Boeing sold a fifth C-17 airlifter to Australia and delivered the first of six aircraft to the UAE in recent weeks. The Australian aircraft will be diverted from remaining U.S. Air Force production, to enable an August delivery this year.
Twenty-one C-17s have now been delivered to international customers, but Boeing needs more export business to sustain an economic production rate at Long Beach, Calif., in the absence of further U.S. Air Force orders. The company has set a minimum economic rate of 10 per annum, down from 15 at the height of domestic demand.
The contract for 10 C-17s from India is expected to be finalized soon, which will increase the production backlog to 28. This includes the 12 remaining U.S. Air Force aircraft. Boeing also is expecting an order for one C-17 from Kuwait.
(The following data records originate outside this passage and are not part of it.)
lemma elliptic_if_walk_folds:
  assumes q: "is_walk E q" "length q = Suc L" "set q \<subseteq> V"
    and fold: "\<And>i. i \<le> k \<Longrightarrow> \<phi> h (q ! i) = q ! (L - i)" and k: "L \<le> 2 * k"
  shows "elliptic V E \<phi> {h}"
proof (cases "even L")
  case True
  then obtain c where c: "L = 2 * c" by blast
  then have "\<phi> h (q ! c) = q ! c" using fold[of c] k by simp
  moreover have "q ! c \<in> V" using q c by (simp add: subsetD)
  ultimately show ?thesis unfolding elliptic_def by blast
next
  case False
  then obtain c where c: "L = 2 * c + 1" by (metis oddE)
  have "\<phi> h (q ! c) = q ! Suc c" "\<phi> h (q ! Suc c) = q ! c"
    using fold[of c] fold[of "Suc c"] c k by simp_all
  moreover have "E (q ! c) (q ! Suc c)" using is_walk_nth[OF q(1)] q(2) c by simp
  ultimately show ?thesis
    unfolding elliptic_def by (intro disjI2 exI[of _ "q ! c"] exI[of _ "q ! Suc c"]) auto
qed

text \<open>The middle part of \<open>q\<close> left over after folding off \<open>k\<close> edges at each end is a segment
  whose translates by \<open>h\<close> meet without backtracking.\<close>

lemma translation_axis_if_walk_unfolds:
  assumes h: "h \<in> carrier G" and q: "is_walk E q" "backtrack_free q" "length q = Suc L" "set q \<subseteq> V"
    and fold: "\<phi> h (q ! k) = q ! (L - k)" and unfold: "\<phi> h (q ! Suc k) \<noteq> q ! (L - Suc k)"
    and k: "2 * k < L"
  shows "\<exists>a\<in>V. \<forall>n. real n * d a (\<phi> h a) \<le> d a (\<phi> (h [^]\<^bsub>G\<^esub> n) a)"
proof -
  define a where "a = q ! k"
  define \<sigma> where "\<sigma> = drop k (take (L - k + 1) q)"
  have \<sigma>_nth: "i < length \<sigma> \<Longrightarrow> \<sigma> ! i = q ! (k + i)" for i
    unfolding \<sigma>_def using q(3) k by simp
  have \<sigma>_len: "length \<sigma> = Suc (Suc (L - 2 * k - 1))" unfolding \<sigma>_def using q(3) k by simp
  have \<sigma>_walk: "is_walk E \<sigma>" "backtrack_free \<sigma>" unfolding \<sigma>_def
    using is_walk_drop[OF is_walk_take[OF q(1)]] backtrack_free_drop[OF backtrack_free_take[OF q(2)]]
      q(3) k by auto
  obtain x c \<sigma>1 where \<sigma>_hd: "\<sigma> = x # c # \<sigma>1"
    using \<sigma>_len by (auto simp: length_Suc_conv)
  then have x: "x = a" and c: "c = q ! Suc k"
    using \<sigma>_nth[of 0] \<sigma>_nth[of 1] unfolding a_def by simp_all
  obtain y p r where "rev \<sigma> = y # p # r"
    using \<sigma>_len by (cases "rev \<sigma>" rule: walk_edges.cases) auto
  then have \<sigma>_last: "\<sigma> = rev r @ [p, y]" by (metis append.assoc append_Cons append_Nil rev.simps rev_rev_ident)
  have lr: "k + length r = L - Suc k" using \<sigma>_len k unfolding \<sigma>_last by simp
  have "p = \<sigma> ! length r" "y = \<sigma> ! Suc (length r)" unfolding \<sigma>_last by (simp_all add: nth_append)
  then have p: "p = q ! (L - Suc k)" and y: "y = \<phi> h a"
    using \<sigma>_nth[of "length r"] \<sigma>_nth[of "Suc (length r)"] lr k fold
    unfolding \<sigma>_last a_def by (simp_all add: Suc_diff_Suc)
  have a: "a \<in> V" using q(3,4) k unfolding a_def by (simp add: subsetD)
  have "p \<noteq> \<phi> h c" using unfold unfolding p c by simp
  then have translate: "d a (\<phi> (h [^]\<^bsub>G\<^esub> n) a) = real n * walk_weight len \<sigma>" for n
    using dist_pow_translation_segment[OF h \<sigma>_walk \<sigma>_hd[unfolded x] \<sigma>_last[unfolded y] a] by blast
  have "hd \<sigma> = a" using \<sigma>_hd x by simp
  moreover have "last \<sigma> = \<phi> h a" using \<sigma>_last y by simp
  ultimately have "d a (\<phi> h a) \<le> walk_weight len \<sigma>"
    using dist_le_walk_weight[OF \<sigma>_walk(1)] by simp
  then have "real n * d a (\<phi> h a) \<le> d a (\<phi> (h [^]\<^bsub>G\<^esub> n) a)" for n
    unfolding translate by (simp add: mult_left_mono)
  then show ?thesis using a by blast
qed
The high acquisition cost of the big airlifter is somewhat mitigated by the C-17 “sustainment partnership” Boeing has created for customers. According to the company, this is a performance-based logistics scheme that delivers spares, support equipment, tech orders, sustaining engineering and on-site field teams, to ensure high levels of mission readiness.
If the C-17 does go out of production, the international market for widebody strategic airlift will effectively fall to the Airbus Military A400M. The European company is counting on export orders to turn what has become an unprofitable program, thanks to development delays, into a long-term success. But its potential price advantage over the larger Boeing product has been eroded by the export levy scheme whereby it must repay a $2 billion (€1.4 billion) loan from the launch partner nations.